# Sticky  E-boutique going live soon



## Yao

We will be switching over the domains from our old store to the new one in the next 12-24 hours. Our target is to get the store up and running by Sept. 3rd so that we can get back to business as usual.

What you can expect:

* E-mail will be unreliable for the next few days. I would recommend using the Customer Service Portal (use this link to directly get into it.) The main site and the E-boutique will be off and on this weekend. If I get the changeover done correctly you might not even notice. If you do notice then something has gone wrong and we are fixing it.

* DO NOT TRY TO PURCHASE ANYTHING on the *E-Boutique* UNTIL I POST AN UPDATE. At the latest we should be back online on Sept. 3rd.

* You should be able to find your tickets on the Customer Service Portal but you may not be able to login to the E-boutique because I haven't transferred your account information over yet. When I do you will get an automated e-mail with new password for the new system.

* Thanks for everyone's patience. The new store's capabilities are incredible. It should make your experience more pleasant and rewarding and allow me to spend more time on the stuff that matters, Customer Service, Project Development (300/GMT), and making watches.

I will apologize in advance when the system does goofy stuff in the following week (Basically we have to go live in order to complete the installation of a number of key pieces of software so stuff is going to move around). There are a lot of details to tie down, like automated e-mails, etc. But do not worry the new system is much more secure than the old one so that shouldn't be an issue.


----------



## Yao

We are switching over the servers. See you guys on the other side.


----------



## heebs

Yao said:


> We are switching over the servers. See you guys on the other side.


Thanks for keeping us in the loop Bill. These are the critical things that we are all hoping for.



Yao said:


> ...It should make your experience more pleasant and rewarding and allow me to spend more time on the stuff that matters, Customer Service, Project Development (300/GMT), and making watches.


Fingers crossed that the transition goes well.


----------



## rmasso

Yao said:


> We are switching over the servers. See you guys on the other side.


Reminds me of Apollo 13 when they went on the other side of the moon. Darkness, silence, until they came back around and their Speedy assisted in getting them home safely! 

Also, I have been waiting very patiently, but any new news on the Pilot watch project? Still waiting patiently. 

Good luck Bill! See you on the flip-side!

Rich


----------



## Knoc

A quick DNS flush and we have real slick looking new site in progress. I'm feeling it. Right on.


----------



## Packleader

Even with most of the new site unavailable until the launch date, it already looks much more user friendly. Best wishes for a successful launch!


Cheers,
Packleader


----------



## Arthur

Looking forward to the new site.


----------



## Yao

So far so good. The changeover has been relatively painless, aside from all the work involved. Right now we are doing testing and getting back in the swing of normal operations. There will be some rough edges when we launch the site but short of a full catastrophe we plan to launch on Friday (Sept. 6th) - inputting all of the data took more time than expected. We could go live right now but I want to do some more testing. If things go according to plan we should be back to normal next week.

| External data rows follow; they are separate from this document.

(* Let $R$ be a principal Artinian ring and let $f, g \in R[x]$ be nilpotent polynomials, not both zero. Let $d$ be a generator of the ideal $(c(f), c(g))$ and let $\tilde f, \tilde g \in R[x]$ satisfy $f = d\tilde f$ and $g = d\tilde g$. Then $$\mathrm{Rres}_R(f,g) = \{\, d s : s\in R,\ (s \bmod \mathrm{Ann}(d)) \in \mathrm{Rres}_{R/\mathrm{Ann}(d)}(\bar{\tilde f}, \bar{\tilde g})\,\}$$ (i.e. $\mathrm{rres}(f,g) = d\cdot\mathrm{rres}_{R/\mathrm{Ann}(d)}(\tilde f,\tilde g)$), and at least one of $\tilde f$, $\tilde g$ is not nilpotent.
   Context: A principal Artinian ring is a commutative ring with identity in which every ideal is principal and which satisfies the descending chain condition on ideals. For $f=\sum a_ix^i$, the content ideal is $C(f)=(a_0,\dots,a_d)$ and $c(f)$ is any generator of it. $\mathrm{Ann}(d)=\{s\in R: sd=0\}$; bars denote images in $(R/\mathrm{Ann}(d))[x]$. For a commutative ring $S$ and $f,g\in S[x]$, $\mathrm{Rres}_S(f,g)=(f,g)\cap S$ with $(f,g)$ the ideal of $S[x]$ generated by $f,g$. *)

theory Defs
  imports "HOL-Computational_Algebra.Polynomial"
begin

definition is_ideal :: "'a::comm_ring_1 set \<Rightarrow> bool" where
  "is_ideal I \<longleftrightarrow> 0 \<in> I \<and> (\<forall>x\<in>I. \<forall>y\<in>I. x + y \<in> I) \<and> (\<forall>r. \<forall>x\<in>I. r * x \<in> I)"

definition ideal_span :: "'a::comm_ring_1 set \<Rightarrow> 'a set" where
  "ideal_span S = \<Inter>{I. is_ideal I \<and> S \<subseteq> I}"

definition principal_ideal :: "'a::comm_ring_1 \<Rightarrow> 'a set" where
  "principal_ideal a = {r * a | r. True}"

definition principal_ring :: "'a::comm_ring_1 itself \<Rightarrow> bool" where
  "principal_ring _ \<longleftrightarrow> (\<forall>I::'a set. is_ideal I \<longrightarrow> (\<exists>a. I = principal_ideal a))"

definition artinian_ring :: "'a::comm_ring_1 itself \<Rightarrow> bool" where
  "artinian_ring _ \<longleftrightarrow> \<not> (\<exists>F :: nat \<Rightarrow> 'a set. (\<forall>n. is_ideal (F n)) \<and> (\<forall>n. F (Suc n) \<subset> F n))"

definition content_ideal :: "'a::comm_ring_1 poly \<Rightarrow> 'a set" where
  "content_ideal f = ideal_span (range (coeff f))"

definition nilpotent_poly :: "'a::comm_ring_1 poly \<Rightarrow> bool" where
  "nilpotent_poly p \<longleftrightarrow> (\<exists>n. p ^ n = 0)"

definition ann :: "'a::comm_ring_1 \<Rightarrow> 'a set" where
  "ann d = {s. s * d = 0}"

(* Rres_R(f,g) = (f,g) \<inter> R, constants identified with R *)
definition rres :: "'a::comm_ring_1 poly \<Rightarrow> 'a poly \<Rightarrow> 'a set" where
  "rres f g = {c. \<exists>u v. u * f + v * g = [:c:]}"

(* Preimage in R of Rres_{R/I}(fbar, gbar): the set of s \<in> R whose class mod I lies in
   the ideal (fbar, gbar) of (R/I)[x].  Every polynomial over R/I lifts to R[x], and
   equality in (R/I)[x] means all coefficients of the difference lie in I. *)
definition rres_mod :: "'a::comm_ring_1 set \<Rightarrow> 'a poly \<Rightarrow> 'a poly \<Rightarrow> 'a set" where
  "rres_mod I f g = {s. \<exists>u v. \<forall>i. coeff (u * f + v * g - [:s:]) i \<in> I}"

end

theory Submission
  imports Defs
begin

text \<open>
  Since \<open>f = d ft\<close> and \<open>g = d gt\<close>, a combination \<open>u f + v g\<close> equals the constant \<open>c\<close>
  exactly when \<open>c = d s\<close> with \<open>u ft + v gt - s\<close> annihilated by \<open>d\<close>, i.e. vanishing
  modulo \<open>Ann(d)\<close>. If \<open>ft\<close> and \<open>gt\<close> were both nilpotent, all their coefficients would be
  nilpotent, so the content ideals of \<open>f\<close> and \<open>g\<close>, and hence \<open>(d)\<close>, would lie in the ideal
  \<open>d \<cdot> Nil(R)\<close>; then \<open>d = d x\<close> with \<open>x\<close> nilpotent, whence \<open>d = d x\<^sup>n = 0\<close> and \<open>f = g = 0\<close>.
\<close>

definition nilpotent :: "'a::comm_ring_1 \<Rightarrow> bool" where
  "nilpotent a \<longleftrightarrow> (\<exists>n. a ^ n = 0)"

lemma nilpotent_poly_iff_nilpotent: "nilpotent_poly p \<longleftrightarrow> nilpotent p"
  unfolding nilpotent_poly_def nilpotent_def ..

lemma nilpotent_0 [simp]: "nilpotent 0"
  unfolding nilpotent_def by (metis power_one_right)

lemma nilpotent_add:
  fixes a b :: "'a::comm_ring_1"
  assumes "nilpotent a" "nilpotent b"
  shows "nilpotent (a + b)"
proof -
  obtain m n where m: "a ^ m = 0" and n: "b ^ n = 0"
    using assms unfolding nilpotent_def by blast
  have "of_nat ((m + n) choose k) * a ^ k * b ^ (m + n - k) = 0" for k
  proof (cases "m \<le> k")
    case True
    then have "a ^ k = a ^ m * a ^ (k - m)" by (simp flip: power_add)
    then show ?thesis using m by simp
  next
    case False
    then have "b ^ (m + n - k) = b ^ n * b ^ (m - k)" by (simp add: add.commute flip: power_add)
    then show ?thesis using n by simp
  qed
  then have "(a + b) ^ (m + n) = 0" by (simp add: binomial_ring)
  then show ?thesis unfolding nilpotent_def by blast
qed

lemma nilpotent_mult_left:
  fixes a :: "'a::comm_ring_1"
  assumes "nilpotent a"
  shows "nilpotent (r * a)"
  using assms unfolding nilpotent_def by (metis mult_zero_right power_mult_distrib)

lemma nilpotent_diff:
  fixes a b :: "'a::comm_ring_1"
  assumes "nilpotent a" "nilpotent b"
  shows "nilpotent (a - b)"
  using nilpotent_add[OF assms(1) nilpotent_mult_left[OF assms(2), of "- 1"]] by simp

lemma nilpotent_const_poly_iff: "nilpotent [:a:] \<longleftrightarrow> nilpotent a"
  unfolding nilpotent_def by (simp add: poly_const_pow)

lemma nilpotent_coeff_0:
  fixes p :: "'a::comm_ring_1 poly"
  assumes "nilpotent p"
  shows "nilpotent (coeff p 0)"
proof -
  obtain n where "p ^ n = 0" using assms unfolding nilpotent_def by blast
  then have "coeff p 0 ^ n = 0" by (metis coeff_0 coeff_0_power)
  then show ?thesis unfolding nilpotent_def by blast
qed

lemma nilpotent_pCons_0D:
  fixes q :: "'a::comm_ring_1 poly"
  assumes "nilpotent (pCons 0 q)"
  shows "nilpotent q"
proof -
  obtain m where "pCons 0 q ^ m = 0" using assms unfolding nilpotent_def by blast
  moreover have "pCons 0 q = monom 1 1 * q"
    by (simp add: monom_Suc)
  ultimately have shifted: "monom 1 m * q ^ m = 0"
    by (simp add: power_mult_distrib monom_power)
  have "q ^ m = 0"
  proof (rule poly_eqI)
    fix j
    have "coeff (q ^ m) j = coeff (monom 1 m * q ^ m) (j + m)"
      by (simp add: coeff_monom_mult)
    then show "coeff (q ^ m) j = coeff 0 j" using shifted by simp
  qed
  then show ?thesis unfolding nilpotent_def by blast
qed

lemma nilpotent_coeff:
  fixes p :: "'a::comm_ring_1 poly"
  assumes "nilpotent p"
  shows "nilpotent (coeff p i)"
  using assms
proof (induction i arbitrary: p)
  case 0
  then show ?case by (rule nilpotent_coeff_0)
next
  case (Suc i)
  obtain a q where p: "p = pCons a q" by (cases p)
  have "nilpotent [:a:]"
    using nilpotent_coeff_0[OF Suc.prems] p by (simp add: nilpotent_const_poly_iff)
  then have "nilpotent (p - [:a:])" using Suc.prems by (simp add: nilpotent_diff)
  then have "nilpotent q" using p by (simp add: nilpotent_pCons_0D)
  then show ?case using p Suc.IH by simp
qed

lemma ideal_span_least: "is_ideal I \<Longrightarrow> S \<subseteq> I \<Longrightarrow> ideal_span S \<subseteq> I"
  unfolding ideal_span_def by blast

lemma is_ideal_mult_nilpotents: "is_ideal {d * x | x. nilpotent x}"
  unfolding is_ideal_def
proof (intro conjI ballI allI)
  show "0 \<in> {d * x | x. nilpotent x}"
    using nilpotent_0 by (intro CollectI exI[of _ 0]) simp
next
  fix y z assume "y \<in> {d * x | x. nilpotent x}" "z \<in> {d * x | x. nilpotent x}"
  then obtain a b where "y = d * a" "z = d * b" "nilpotent a" "nilpotent b" by blast
  then show "y + z \<in> {d * x | x. nilpotent x}"
    by (intro CollectI exI[of _ "a + b"]) (simp add: distrib_left nilpotent_add)
next
  fix r y assume "y \<in> {d * x | x. nilpotent x}"
  then obtain a where "y = d * a" "nilpotent a" by blast
  then show "r * y \<in> {d * x | x. nilpotent x}"
    by (intro CollectI exI[of _ "r * a"]) (simp add: mult.left_commute nilpotent_mult_left)
qed

lemma content_ideal_smult_subset_mult_nilpotents:
  assumes "nilpotent p"
  shows "content_ideal (smult d p) \<subseteq> {d * x | x. nilpotent x}"
  unfolding content_ideal_def
  using is_ideal_mult_nilpotents by (rule ideal_span_least) (auto intro: nilpotent_coeff[OF assms])

lemma eq_0_if_fixed_by_nilpotent:
  fixes d x :: "'a::comm_ring_1"
  assumes "d = d * x" and "nilpotent x"
  shows "d = 0"
proof -
  obtain k where "x ^ k = 0" using assms(2) unfolding nilpotent_def by blast
  moreover have "d * x ^ n = d" for n
    by (induction n) (simp, metis assms(1) mult.assoc mult.commute power_Suc)
  ultimately show ?thesis by (metis mult_zero_right)
qed

lemma content_generator_eq_0_if_nilpotent_cofactors:
  fixes ft gt :: "'a::comm_ring_1 poly"
  assumes "ideal_span (content_ideal (smult d ft) \<union> content_ideal (smult d gt)) = principal_ideal d"
    and "nilpotent ft" and "nilpotent gt"
  shows "d = 0"
proof -
  have "d \<in> principal_ideal d"
    unfolding principal_ideal_def by (metis (mono_tags, lifting) mem_Collect_eq mult_1)
  also have "\<dots> \<subseteq> {d * x | x. nilpotent x}"
    unfolding assms(1)[symmetric] using is_ideal_mult_nilpotents[of d]
    by (rule ideal_span_least)
      (use content_ideal_smult_subset_mult_nilpotents assms(2,3) in blast)
  finally obtain x where "d = d * x" "nilpotent x" by blast
  then show ?thesis by (rule eq_0_if_fixed_by_nilpotent)
qed

lemma rres_smult:
  "rres (smult d ft) (smult d gt) = {d * s | s. s \<in> rres_mod (ann d) ft gt}"
proof (intro equalityI subsetI)
  fix c assume "c \<in> rres (smult d ft) (smult d gt)"
  then obtain u v where uv: "u * smult d ft + v * smult d gt = [:c:]"
    unfolding rres_def by blast
  define h where "h = u * ft + v * gt"
  have dh: "smult d h = [:c:]" using uv unfolding h_def by (simp add: smult_add_right)
  have "coeff (h - [:coeff h 0:]) i \<in> ann d" for i
    using arg_cong[OF dh, of "\<lambda>p. coeff p i"]
    by (cases i) (simp_all add: ann_def mult.commute)
  then have "coeff h 0 \<in> rres_mod (ann d) ft gt" unfolding rres_mod_def h_def by blast
  moreover have "c = d * coeff h 0" using arg_cong[OF dh, of "\<lambda>p. coeff p 0"] by simp
  ultimately show "c \<in> {d * s | s. s \<in> rres_mod (ann d) ft gt}" by blast
next
  fix c assume "c \<in> {d * s | s. s \<in> rres_mod (ann d) ft gt}"
  then obtain s u v where c: "c = d * s"
    and killed: "\<forall>i. coeff (u * ft + v * gt - [:s:]) i \<in> ann d"
    unfolding rres_mod_def by blast
  have "u * smult d ft + v * smult d gt - [:c:] = smult d (u * ft + v * gt - [:s:])"
    unfolding c by (simp add: smult_add_right smult_diff_right)
  also have "\<dots> = 0"
    using killed by (intro poly_eqI) (simp add: ann_def mult.commute)
  finally show "c \<in> rres (smult d ft) (smult d gt)" unfolding rres_def by auto
qed

theorem lemma5p4:
  fixes f g ft gt :: "'a::comm_ring_1 poly" and d :: 'a
  assumes "principal_ring TYPE('a)"
    and "artinian_ring TYPE('a)"
    and "nilpotent_poly f" and "nilpotent_poly g"
    and "f \<noteq> 0 \<or> g \<noteq> 0"
    and "ideal_span (content_ideal f \<union> content_ideal g) = principal_ideal d"
    and "f = smult d ft" and "g = smult d gt"
  shows "rres f g = {d * s | s. s \<in> rres_mod (ann d) ft gt}
         \<and> (\<not> nilpotent_poly ft \<or> \<not> nilpotent_poly gt)"
proof
  show "rres f g = {d * s | s. s \<in> rres_mod (ann d) ft gt}"
    unfolding assms(7,8) by (rule rres_smult)
  show "\<not> nilpotent_poly ft \<or> \<not> nilpotent_poly gt"
  proof (rule ccontr)
    assume "\<not> ?thesis"
    then have "d = 0"
      using content_generator_eq_0_if_nilpotent_cofactors assms(6-8)
      by (auto simp: nilpotent_poly_iff_nilpotent)
    then show False using assms(5,7,8) by simp
  qed
qed

end
lemma partial_weight_upd_root:
  "partial_weight E \<rho> V (n(r := k))
   = (\<rho> r / residual_capacity E \<rho> V r) ^ k * real ((k + (\<Sum>u\<in>desc E r. n u)) choose k)
     * ((1 - \<rho> r / residual_capacity E \<rho> V r) ^ (\<Sum>u\<in>desc E r. n u)
        * partial_weight E \<rho> (V - {r}) n)"
proof -
  define x where "x = \<rho> r / residual_capacity E \<rho> V r"
  define q where "q V' v = (\<rho> v / residual_capacity E \<rho> V' v) ^ n v * real (subtree_count E n v choose n v)"
    for V' v
  have finite_V: "finite V" using V_sub finite_subset by blast
  have count_other: "subtree_count E (n(r := k)) v = subtree_count E n v" if "v \<in> V - {r}" for v
    using that r_root by (intro subtree_count_upd_other) (auto simp: descb_def desc_def anc_def)
  have "partial_weight E \<rho> V (n(r := k))
      = x ^ k * real ((k + (\<Sum>u\<in>desc E r. n u)) choose k) * (\<Prod>v\<in>V - {r}. q V v)"
  proof -
    have "(\<Prod>v\<in>V - {r}. (\<rho> v / residual_capacity E \<rho> V v) ^ (n(r := k)) v
            * real (subtree_count E (n(r := k)) v choose (n(r := k)) v))
        = (\<Prod>v\<in>V - {r}. q V v)"
      by (rule prod.cong) (auto simp: q_def count_other)
    then show ?thesis
      unfolding partial_weight_def tree_weight_def prod.remove[OF finite_V r_in]
      by (simp add: x_def subtree_count_upd_self)
  qed
  also have "(\<Prod>v\<in>V - {r}. q V v)
      = (\<Prod>v\<in>V - {r}. q (V - {r}) v * (if v \<in> desc E r then (1 - x) ^ n v else 1))"
  proof (rule prod.cong[OF refl])
    fix v assume v: "v \<in> V - {r}"
    show "q V v = q (V - {r}) v * (if v \<in> desc E r then (1 - x) ^ n v else 1)"
      unfolding q_def residual_capacity_remove_root[OF v] x_def[symmetric]
      by (simp add: power_mult_distrib power_divide)
  qed
  also have "\<dots> = partial_weight E \<rho> (V - {r}) n
                   * (\<Prod>v\<in>V - {r}. if v \<in> desc E r then (1 - x) ^ n v else 1)"
    by (simp add: prod.distrib partial_weight_def tree_weight_def q_def)
  also have "(\<Prod>v\<in>V - {r}. if v \<in> desc E r then (1 - x) ^ n v else 1)
      = (\<Prod>v\<in>desc E r. (1 - x) ^ n v)"
  proof -
    have "{v \<in> V - {r}. v \<in> desc E r} = desc E r" using desc_root_subset by blast
    then show ?thesis
      using prod.inter_filter[of "V - {r}" "\<lambda>v. (1 - x) ^ n v" "\<lambda>v. v \<in> desc E r"] finite_V
      by simp
  qed
  also have "(\<Prod>v\<in>desc E r. (1 - x) ^ n v) = (1 - x) ^ (\<Sum>u\<in>desc E r. n u)"
    by (rule power_sum[symmetric])
  finally show ?thesis by (simp only: x_def mult_ac)
qed

lemma root_ratio:
  defines "x \<equiv> \<rho> r / residual_capacity E \<rho> V r"
  shows "0 \<le> x" "x < 1" "norm_factor E \<rho> r = 1 / (1 - x)"
    and "x / (1 - x) = \<rho> r / (1 - path_load E \<rho> r)"
proof -
  define a where "a = residual_capacity E \<rho> V r"
  define c where "c = 1 - path_load E \<rho> r"
  have r_vertex: "r \<in> {1..m}" using V_sub r_in by blast
  have c_pos: "0 < c" and rho_r: "0 \<le> \<rho> r"
    using path_load_less_1 rho_nonneg r_vertex by (auto simp: c_def)
  have a: "a = c + \<rho> r"
    by (simp add: a_def c_def residual_capacity_root path_load_eq)
  have one_minus_x: "1 - x = c / a"
    using c_pos rho_r by (simp add: x_def a_def[symmetric] a field_simps)
  show "0 \<le> x" "x < 1"
    using c_pos rho_r by (simp_all add: x_def a_def[symmetric] a field_simps)
  show "norm_factor E \<rho> r = 1 / (1 - x)"
    using one_minus_x a_def residual_capacity_root by (simp add: norm_factor_def c_def)
  show "x / (1 - x) = \<rho> r / (1 - path_load E \<rho> r)"
  proof -
    have "0 < a" using c_pos rho_r a by simp
    have "x / (1 - x) = (\<rho> r / a) / (c / a)"
      unfolding one_minus_x by (simp add: x_def a_def)
    also have "\<dots> = \<rho> r / c"
      using \<open>0 < a\<close> by simp
    finally show ?thesis by (simp add: c_def)
  qed
qed
lemma psd_pencil_near_if_rank_le:
  fixes A0 :: "real^'m^'m" and A :: "'n::finite \<Rightarrow> real^'m^'m"
  assumes sym: "\<And>y. symmetric_matrix (pencil A0 A y)" and psd: "psd (pencil A0 A x)"
  obtains d where "d > 0"
    "\<And>y. dist y x < d \<Longrightarrow> rank (pencil A0 A y) \<le> rank (pencil A0 A x) \<Longrightarrow> psd (pencil A0 A y)"
proof -
  define V where "V = range ((*v) (pencil A0 A x))"
  have V: "subspace V"
    unfolding V_def by (metis span_linear_image[OF matrix_vector_mul_linear] span_UNIV subspace_span)
  have dim_V: "dim V = rank (pencil A0 A x)" by (simp add: V_def rank_dim_range)
  obtain lam where lam: "lam > 0" "\<forall>v\<in>V. lam * (v \<bullet> v) \<le> v \<bullet> (pencil A0 A x *v v)"
    using quadratic_form_uniformly_positive_on_subspace[OF V] psd_positive_on_range[OF sym psd]
    unfolding V_def by blast
  obtain C where C: "C \<ge> 0"
    "\<And>x y v. \<bar>v \<bullet> (pencil A0 A y *v v) - v \<bullet> (pencil A0 A x *v v)\<bar> \<le> C * norm (y - x) * (v \<bullet> v)"
    using pencil_quadratic_form_lipschitz by blast
  define d where "d = lam / (C + 1)"
  have "psd (pencil A0 A y)"
    if y: "dist y x < d" "rank (pencil A0 A y) \<le> rank (pencil A0 A x)" for y
  proof (rule psd_if_positive_on_subspace_rank_le[OF sym V])
    show "rank (pencil A0 A y) \<le> dim V" using y(2) dim_V by simp
    have "C * norm (y - x) < lam"
    proof -
      have "C * norm (y - x) \<le> (C + 1) * norm (y - x)" by (simp add: distrib_right)
      also have "\<dots> < (C + 1) * d"
        using y(1) C(1) by (intro mult_strict_left_mono) (auto simp: dist_norm)
      finally show ?thesis using C(1) by (simp add: d_def)
    qed
    show "\<forall>v\<in>V. v \<noteq> 0 \<longrightarrow> 0 < v \<bullet> (pencil A0 A y *v v)"
    proof (intro ballI impI)
      fix v assume v: "v \<in> V" "v \<noteq> 0"
      then have "C * norm (y - x) * (v \<bullet> v) < lam * (v \<bullet> v)"
        using \<open>C * norm (y - x) < lam\<close> by (simp add: mult_strict_right_mono)
      then show "0 < v \<bullet> (pencil A0 A y *v v)"
        using bspec[OF lam(2) v(1)] C(2)[of v y x] by (simp add: abs_le_iff)
    qed
  qed
  moreover have "d > 0" using lam(1) C(1) by (simp add: d_def)
  ultimately show ?thesis using that by blast
qed

theorem theorem1:
  fixes A0 :: "real^'m^'m" and A :: "'n::finite \<Rightarrow> real^'m^'m"
    and c :: "real^'n" and r p :: nat
  assumes "r \<le> CARD('m)"
    and "symmetric_matrix A0" and "rat_matrix A0"
    and "\<forall>k. symmetric_matrix (A k) \<and> rat_matrix (A k)"
    and "rat_vector c"
    and "Fmin A0 A c r \<noteq> {}"
    and "p \<in> Rranks A0 A c r"
  shows "\<forall>xs \<in> Fmin A0 A c r. rank (pencil A0 A xs) = p \<longrightarrow>
           local_minimizer c (real_rank_locus A0 A p) xs"
proof (intro ballI impI)
  fix xs assume xs: "xs \<in> Fmin A0 A c r" and rank_xs: "rank (pencil A0 A xs) = p"
  have "p \<le> r" using assms(7) by (simp add: Rranks_def)
  have sym: "symmetric_matrix (pencil A0 A y)" for y
    using assms(2,4) by (simp add: symmetric_matrix_pencil)
  have "psd (pencil A0 A xs)" using xs by (simp add: Fmin_def spectrahedron_def)
  then obtain d where d: "d > 0"
    "\<And>y. dist y xs < d \<Longrightarrow> rank (pencil A0 A y) \<le> p \<Longrightarrow> psd (pencil A0 A y)"
    using psd_pencil_near_if_rank_le[OF sym] rank_xs by metis
  have "c \<bullet> xs \<le> c \<bullet> y" if "y \<in> ball xs d \<inter> real_rank_locus A0 A p" for y
  proof -
    have "y \<in> spectrahedron A0 A \<inter> real_rank_locus A0 A r"
      using that d(2) \<open>p \<le> r\<close> by (auto simp: spectrahedron_def real_rank_locus_iff dist_commute)
    then show ?thesis using xs by (simp add: Fmin_def)
  qed
  moreover have "xs \<in> real_rank_locus A0 A p" using rank_xs by (simp add: real_rank_locus_iff)
  ultimately show "local_minimizer c (real_rank_locus A0 A p) xs"
    unfolding local_minimizer_def using d(1) by (intro conjI exI[of _ "ball xs d"]) auto
qed

end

* E-mails are up and should be working fine
* When the site goes live you will receive an e-mail with a new password for the new e-boutique. 
* To be honest I don't know right now if your old orders will show up in the new site but the Customer Service Portal will still have the relevant information. If I can't get them to upload I hope there won't be mass panic as the old system didn't do a good job in this respect. This is the real issue with transitioning to a new system. No matter how much material you read to get ready you never really know exactly what's going to happen until after your live.

Thanks again for everyone's support and continued patience.


----------



## Darwin

Awesome, Bill! Now, if there is a Fulcrum UTC with date or Nassau 3-6-9 in the eBoutique on Friday, I'll be a happy boy! One can always dream, right?


----------



## Yao

I appreciate the replies but no time right now to go through them all....sorry.

We pushed really hard to try to re-launch the site today but ran into an unexpected formatting problem with the site late this afternoon. Given that its Friday we hope to get this taken care of early next week. At this time we expect to re-launch the E-boutique early next week.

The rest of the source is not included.